On Thu, Jun 26, 2008 at 1:55 PM, J. Bruce Fields <bfields@fieldses.org> wrote:
> On Thu, Jun 26, 2008 at 01:42:58PM -0400, Chuck Lever wrote:
>> On Jun 26, 2008, at 3:19 AM, Krishna Kumar2 wrote:
>>> Benny Halevy <bhalevy@panasas.com> wrote on 06/23/2008 06:10:40 PM:
>>>
>>>> Apparently the file is cached.  You needed to restart nfs
>>>> and remount the file system to make sure it isn't before reading it.
>>>> Or, you can create a file larger than your host's cache size so
>>>> when you write (or read) it sequentially, its tail evicts its head
>>>> out of the cache.  This is a less reliable method, yet creating a
>>>> file about 25% larger than the host's memory size should work for
>>>> you.
>>>
>>> I did a umount of all filesystems and restart NFS before testing. Here
>>> is the result:
>>>
>>> Local:
>>>      Read:  69.5 MB/s
>>>      Write: 70.0 MB/s
>>> NFS of same FS mounted loopback on same system:
>>>      Read:  29.5 MB/s  (57% drop)
>>>      Write: 27.5 MB/s  (60% drop)
>>>
>>> The drops seems exceedingly high. How can I figure out the source of
>>> the
>>> problem?
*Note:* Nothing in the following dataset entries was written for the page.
theory Submission
  imports Defs "HOL-Computational_Algebra.Squarefree" "HOL-Analysis.Gamma_Function"
    "HOL-Real_Asymp.Real_Asymp"
begin

(* Splitting a positive rational of component at most n into its integer part p \<le> n and a
   fraction in (0, 1] with denominator at most n shows that components 1..n hold 0 and
   2 (n + 1) Phi n further rationals, Phi n counting those fractions.

   As totient m < m for m > 1, eventually 2 Phi n < n^2 - n, giving the upper bound. The lower
   bound needs Phi n \<ge> 3 n^2 / pi^2 - O(n log n), as 3 / pi^2 = 0.3039... barely exceeds 3 / 10.
   Moebius inversion of  \<Sum>d\<le>n. Phi (n div d) = n (n + 1) / 2  expresses Phi n as
   n^2 / 2 * \<Sum>d\<le>n. mu d / d^2  up to n H_n / 2, and the identity
   \<Sum>d a \<le> n. mu d / (d a)^2 = 1, together with  \<Sum>a\<le>q. 1 / a^2 \<ge> pi^2 / 6 - 1 / q,
   bounds this Moebius sum below by 6 / pi^2 * (1 - 2 H_n / n). *)

definition moebius_mu :: "nat \<Rightarrow> real" where
  "moebius_mu n = (if squarefree n then (-1) ^ card (prime_factors n) else 0)"

lemma abs_moebius_mu_le: "\<bar>moebius_mu n\<bar> \<le> 1"
  by (simp add: moebius_mu_def)

lemma moebius_mu_prime_mult:
  assumes p: "prime p" and "\<not> p dvd e" and "e > 0"
  shows "moebius_mu (p * e) = - moebius_mu e"
proof -
  have "coprime p e"
    using assms by (simp add: prime_imp_coprime)
  then have squarefree: "squarefree (p * e) \<longleftrightarrow> squarefree e"
    using squarefree_multD(2)[of p e] squarefree_mult_coprime squarefree_prime[OF p] by blast
  have "prime_factors (p * e) = insert p (prime_factors e)" "p \<notin> prime_factors e"
    using assms by (auto simp: prime_factors_product prime_prime_factors)
  then have "card (prime_factors (p * e)) = Suc (card (prime_factors e))"
    by simp
  then show ?thesis
    by (simp add: moebius_mu_def squarefree)
qed

lemma sum_moebius_mu_multiples_of_prime:
  assumes p: "prime p" "p dvd n" and "n > 0"
  shows "(\<Sum>d | d dvd n \<and> p dvd d. moebius_mu d) = - (\<Sum>d | d dvd n \<and> \<not> p dvd d. moebius_mu d)"
proof -
  define A where "A = {d. d dvd n \<and> \<not> p dvd d}"
  define B where "B = {d. d dvd n \<and> p dvd d}"
  have "finite B"
    using \<open>n > 0\<close> by (auto simp: B_def)
  have "(*) p ` A \<subseteq> B"
    using p by (auto simp: A_def B_def prime_imp_coprime intro!: divides_mult)
  moreover have "moebius_mu d = 0" if d: "d \<in> B - (*) p ` A" for d
  proof -
    have "d dvd n" "p dvd d" "d \<notin> (*) p ` A"
      using d by (auto simp: B_def)
    obtain e where e: "d = p * e"
      using \<open>p dvd d\<close> by (rule dvdE)
    have "e dvd n"
      using \<open>d dvd n\<close> e by (simp add: dvd_mult_right)
    with e \<open>d \<notin> (*) p ` A\<close> have "p dvd e"
      by (auto simp: A_def)
    with e have "p ^ 2 dvd d"
      by (simp add: power2_eq_square)
    then have "\<not> squarefree d"
      using p(1) by (metis not_squarefreeI not_prime_unit)
    then show ?thesis
      by (simp add: moebius_mu_def)
  qed
  ultimately have "sum moebius_mu B = sum moebius_mu ((*) p ` A)"
    using \<open>finite B\<close> by (intro sum.mono_neutral_right) auto
  also have "\<dots> = (\<Sum>e\<in>A. moebius_mu (p * e))"
    using p by (subst sum.reindex) (auto simp: inj_on_def prime_gt_0_nat)
  also have "\<dots> = (\<Sum>e\<in>A. - moebius_mu e)"
    using p \<open>n > 0\<close> by (intro sum.cong) (auto simp: A_def moebius_mu_prime_mult intro: Nat.gr0I)
  finally show ?thesis
    by (simp add: A_def B_def sum_negf)
qed

lemma sum_moebius_mu_divisors:
  assumes "n > 0"
  shows "(\<Sum>d | d dvd n. moebius_mu d) = (if n = 1 then 1 else 0)"
proof (cases "n = 1")
  case True
  then show ?thesis
    by (simp add: moebius_mu_def)
next
  case False
  then obtain p where p: "prime p" "p dvd n"
    using assms by (metis nat_neq_iff prime_factor_nat less_one)
  have "(\<Sum>d | d dvd n. moebius_mu d)
      = (\<Sum>d\<in>{d. d dvd n} \<inter> {d. p dvd d}. moebius_mu d) + (\<Sum>d\<in>{d. d dvd n} - {d. p dvd d}. moebius_mu d)"
    using assms by (intro sum.Int_Diff) simp
  also have "\<dots> = (\<Sum>d | d dvd n \<and> p dvd d. moebius_mu d) + (\<Sum>d | d dvd n \<and> \<not> p dvd d. moebius_mu d)"
    by (simp only: Collect_conj_eq Collect_neg_eq Diff_eq)
  finally show ?thesis
    using sum_moebius_mu_multiples_of_prime[OF p assms] False by simp
qed

lemma sum_divisor_pairs:
  fixes f :: "nat \<Rightarrow> nat \<Rightarrow> 'a::comm_monoid_add"
  shows "(\<Sum>m=1..n. \<Sum>d | d dvd m. f d (m div d)) = (\<Sum>d=1..n. \<Sum>a=1..n div d. f d a)"
proof -
  have "(\<Sum>m=1..n. \<Sum>d | d dvd m. f d (m div d))
      = (\<Sum>(m, d)\<in>(SIGMA m:{1..n}. {d. d dvd m}). f d (m div d))"
    by (rule sum.Sigma) auto
  also have "\<dots> = (\<Sum>(d, a)\<in>(SIGMA d:{1..n}. {1..n div d}). f d a)"
  proof (rule sum.reindex_bij_witness[where i = "\<lambda>(d, a). (d * a, d)" and j = "\<lambda>(m, d). (d, m div d)"])
    fix x assume "x \<in> (SIGMA d:{1..n}. {1..n div d})"
    then show "(case x of (d, a) \<Rightarrow> (d * a, d)) \<in> (SIGMA m:{1..n}. {d. d dvd m})"
      by (auto simp: less_eq_div_iff_mult_less_eq mult.commute)
  next
    fix y assume "y \<in> (SIGMA m:{1..n}. {d. d dvd m})"
    then obtain m d where y: "y = (m, d)" "1 \<le> m" "m \<le> n" "d dvd m"
      by auto
    then have "0 < d" "d \<le> m"
      by (auto intro: dvd_pos_nat dvd_imp_le)
    with y show "(case y of (m, d) \<Rightarrow> (d, m div d)) \<in> (SIGMA d:{1..n}. {1..n div d})"
      by (auto simp: div_le_mono div_greater_zero_iff Suc_le_eq)
  qed (auto simp: mult.commute)
  also have "\<dots> = (\<Sum>d=1..n. \<Sum>a=1..n div d. f d a)"
    by (rule sum.Sigma[symmetric]) auto
  finally show ?thesis .
qed

lemma sum_moebius_mu_hyperbola:
  fixes f :: "nat \<Rightarrow> real"
  assumes "n \<ge> 1"
  shows "(\<Sum>d=1..n. \<Sum>a=1..n div d. moebius_mu d * f (d * a)) = f 1"
proof -
  have "(\<Sum>d=1..n. \<Sum>a=1..n div d. moebius_mu d * f (d * a))
      = (\<Sum>m=1..n. \<Sum>d | d dvd m. moebius_mu d * f (d * (m div d)))"
    by (rule sum_divisor_pairs[symmetric])
  also have "\<dots> = (\<Sum>m=1..n. f m * (\<Sum>d | d dvd m. moebius_mu d))"
    by (intro sum.cong) (auto simp: sum_distrib_left mult.commute intro!: sum.cong)
  also have "\<dots> = (\<Sum>m=1..n. if m = 1 then f 1 else 0)"
    by (intro sum.cong) (auto simp: sum_moebius_mu_divisors)
  also have "\<dots> = f 1"
    using assms by simp
  finally show ?thesis .
qed

lemma sum_divisors_flip:
  fixes g :: "nat \<Rightarrow> 'a::comm_monoid_add"
  assumes "m > 0"
  shows "(\<Sum>d | d dvd m. g (m div d)) = (\<Sum>d | d dvd m. g d)"
  by (rule sum.reindex_bij_witness[where i = "\<lambda>d. m div d" and j = "\<lambda>d. m div d"])
     (use assms in \<open>auto simp: dvd_div_eq_mult div_div_eq_right elim!: dvdE\<close>)

lemma sum_Phi_div: "(\<Sum>d=1..n. real (Phi (n div d))) = real n * (real n + 1) / 2"
proof -
  have "(\<Sum>d=1..n. real (Phi (n div d))) = (\<Sum>d=1..n. \<Sum>a=1..n div d. real (totient a))"
    by (simp add: Phi_def)
  also have "\<dots> = (\<Sum>m=1..n. \<Sum>d | d dvd m. real (totient (m div d)))"
    by (rule sum_divisor_pairs[symmetric])
  also have "\<dots> = (\<Sum>m=1..n. real m)"
    by (intro sum.cong) (simp_all add: sum_divisors_flip totient_divisor_sum flip: of_nat_sum)
  also have "\<dots> = real n * (real n + 1) / 2"
    using double_gauss_sum_from_Suc_0[of n, where 'a = real] by simp
  finally show ?thesis .
qed

lemma Phi_moebius_inversion:
  assumes "n \<ge> 1"
  shows "real (Phi n) = (\<Sum>d=1..n. moebius_mu d * (real (n div d) * (real (n div d) + 1) / 2))"
proof -
  have "(\<Sum>d=1..n. moebius_mu d * (real (n div d) * (real (n div d) + 1) / 2))
      = (\<Sum>d=1..n. \<Sum>a=1..n div d. moebius_mu d * real (Phi (n div (d * a))))"
    by (simp add: sum_Phi_div[symmetric] sum_distrib_left div_mult2_eq)
  also have "\<dots> = real (Phi n)"
    using sum_moebius_mu_hyperbola[OF assms, of "\<lambda>m. real (Phi (n div m))"] by simp
  finally show ?thesis ..
qed

lemma triangular_number_approx:
  fixes q x :: real
  assumes "x - 1 < q" "q \<le> x" "0 \<le> q"
  shows "\<bar>q * (q + 1) / 2 - x\<^sup>2 / 2\<bar> \<le> x / 2"
proof -
  have "q * (q + 1) \<le> x * (x + 1)"
    using assms by (intro mult_mono) auto
  moreover have "(x - 1) * x \<le> q * (q + 1)"
  proof (cases "x \<ge> 1")
    case True
    then show ?thesis
      using assms by (intro mult_mono) auto
  next
    case False
    then have "(x - 1) * x \<le> 0"
      using assms by (intro mult_nonpos_nonneg) auto
    moreover have "0 \<le> q * (q + 1)"
      using assms by simp
    ultimately show ?thesis
      by linarith
  qed
  ultimately show ?thesis
    by (simp add: abs_le_iff field_simps power2_eq_square)
qed

lemma real_div_bounds:
  fixes n d :: nat
  assumes "d > 0"
  shows "real n / real d - 1 < real (n div d)" "real (n div d) \<le> real n / real d"
proof -
  have "real n = real d * real (n div d) + real (n mod d)" "real (n mod d) < real d"
    using assms by (simp_all flip: of_nat_mult of_nat_add)
  then show "real n / real d - 1 < real (n div d)" "real (n div d) \<le> real n / real d"
    using assms by (simp_all add: field_simps)
qed

lemma Phi_ge_moebius_sum:
  assumes "n \<ge> 1"
  shows "real n ^ 2 / 2 * (\<Sum>d=1..n. moebius_mu d / real d ^ 2) - real n / 2 * harm n \<le> real (Phi n)"
proof -
  have "real n ^ 2 / 2 * (moebius_mu d / real d ^ 2) - real n / 2 * inverse (real d)
      \<le> moebius_mu d * (real (n div d) * (real (n div d) + 1) / 2)" if "d \<in> {1..n}" for d
  proof -
    define x where "x = real n / real d"
    define T where "T = real (n div d) * (real (n div d) + 1) / 2"
    have "\<bar>T - x\<^sup>2 / 2\<bar> \<le> x / 2"
      unfolding T_def x_def using that real_div_bounds[of d n]
      by (intro triangular_number_approx) auto
    then have "\<bar>moebius_mu d\<bar> * \<bar>T - x\<^sup>2 / 2\<bar> \<le> 1 * (x / 2)"
      using abs_moebius_mu_le[of d] by (intro mult_mono) auto
    then have "\<bar>moebius_mu d * (T - x\<^sup>2 / 2)\<bar> \<le> x / 2"
      by (simp add: abs_mult)
    then have "moebius_mu d * (x\<^sup>2 / 2) - x / 2 \<le> moebius_mu d * T"
      unfolding abs_le_iff right_diff_distrib by linarith
    then show ?thesis
      by (simp add: T_def x_def power_divide field_simps)
  qed
  then have "(\<Sum>d=1..n. real n ^ 2 / 2 * (moebius_mu d / real d ^ 2) - real n / 2 * inverse (real d))
      \<le> real (Phi n)"
    unfolding Phi_moebius_inversion[OF assms] by (rule sum_mono)
  then show ?thesis
    by (simp add: harm_def sum_subtractf sum_distrib_left)
qed

lemma inverse_squares_tail_sums:
  "(\<lambda>k. 1 / real (k + q + 1) ^ 2) sums (pi\<^sup>2 / 6 - (\<Sum>a=1..q. 1 / real a ^ 2))"
proof -
  have "(\<Sum>a=1..q. 1 / real a ^ 2) = (\<Sum>k<q. 1 / (real k + 1) ^ 2)"
    by (simp add: sum.atLeast1_atMost_eq add.commute)
  then show ?thesis
    using sums_split_initial_segment[OF inverse_squares_sums, of q] by (simp add: add_ac)
qed

lemma sum_inverse_squares_le: "(\<Sum>a=1..q. 1 / real a ^ 2) \<le> pi\<^sup>2 / 6"
  using sums_le[OF _ sums_zero inverse_squares_tail_sums[of q]] by simp

lemma sum_inverse_squares_tail_le:
  assumes "q \<ge> 1"
  shows "pi\<^sup>2 / 6 - (\<Sum>a=1..q. 1 / real a ^ 2) \<le> 1 / real q"
proof -
  have telescope: "(\<lambda>k. 1 / real (k + q) - 1 / real (Suc k + q)) sums (1 / real (0 + q) - 0)"
    by (intro telescope_sums') real_asymp
  have "1 / real (k + q + 1) ^ 2 \<le> 1 / real (k + q) - 1 / real (Suc k + q)" for k
  proof -
    define t where "t = real (k + q)"
    have "1 \<le> t"
      using assms by (simp add: t_def)
    then have "1 / (t + 1) ^ 2 \<le> 1 / (t * (t + 1))"
      by (intro divide_left_mono) (auto simp: power2_eq_square)
    also have "\<dots> = 1 / t - 1 / (t + 1)"
      using \<open>1 \<le> t\<close> by (simp add: field_simps)
    finally show ?thesis
      by (simp add: t_def add_ac)
  qed
  from sums_le[OF this inverse_squares_tail_sums telescope] show ?thesis
    by simp
qed

lemma le_twice_mult_div:
  fixes n d :: nat
  assumes "1 \<le> d" "d \<le> n"
  shows "n \<le> 2 * d * (n div d)"
proof -
  have "0 < n div d"
    using assms by (simp add: div_greater_zero_iff)
  then have "n mod d < d" "d \<le> d * (n div d)"
    using assms by simp_all
  moreover have "n = d * (n div d) + n mod d"
    by simp
  ultimately show ?thesis
    by linarith
qed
Even if it is as general as to be able to state: "Problem is
>>> in
>>> the NFS client code" or "Problem is in the NFS server code", or
>>> "Problem
>>> can be mitigated by tuning" :-)
>>
>> It's hard to say what might be the problem just by looking at
>> performance results.
>>
>> You can look at client-side NFS and RPC performance metrics using some
>> prototype Python tools that were just added to nfs-utils.  The scripts
>> themselves can be downloaded from:
>>
>>    http://oss.oracle.com/~cel/Linux-2.6/2.6.25
>>
>> but unfortunately they are not fully documented yet so you will have to
>> approach them with an open mind and a sense of experimentation.
>>
>> You can also capture network traces on your loopback interface to see if
>> there is, for example, unexpected congestion or latency, or if there are
>> other problems.
>>
>> But for loopback, the problem is often that the client and server are
>> sharing the same physical memory for caching data.  Analyzing your test
>> system's physical memory utilization might be revealing.
>
> If he's just doing a single large read or write with cold caches (sounds
> like that's probably the case), then memory probably doesn't matter
> much, does it?

I expect it might.

The client and server would contend for available physical memory as
the file was first read in from the physical file system by the
server, and then a second copy was cached by the client.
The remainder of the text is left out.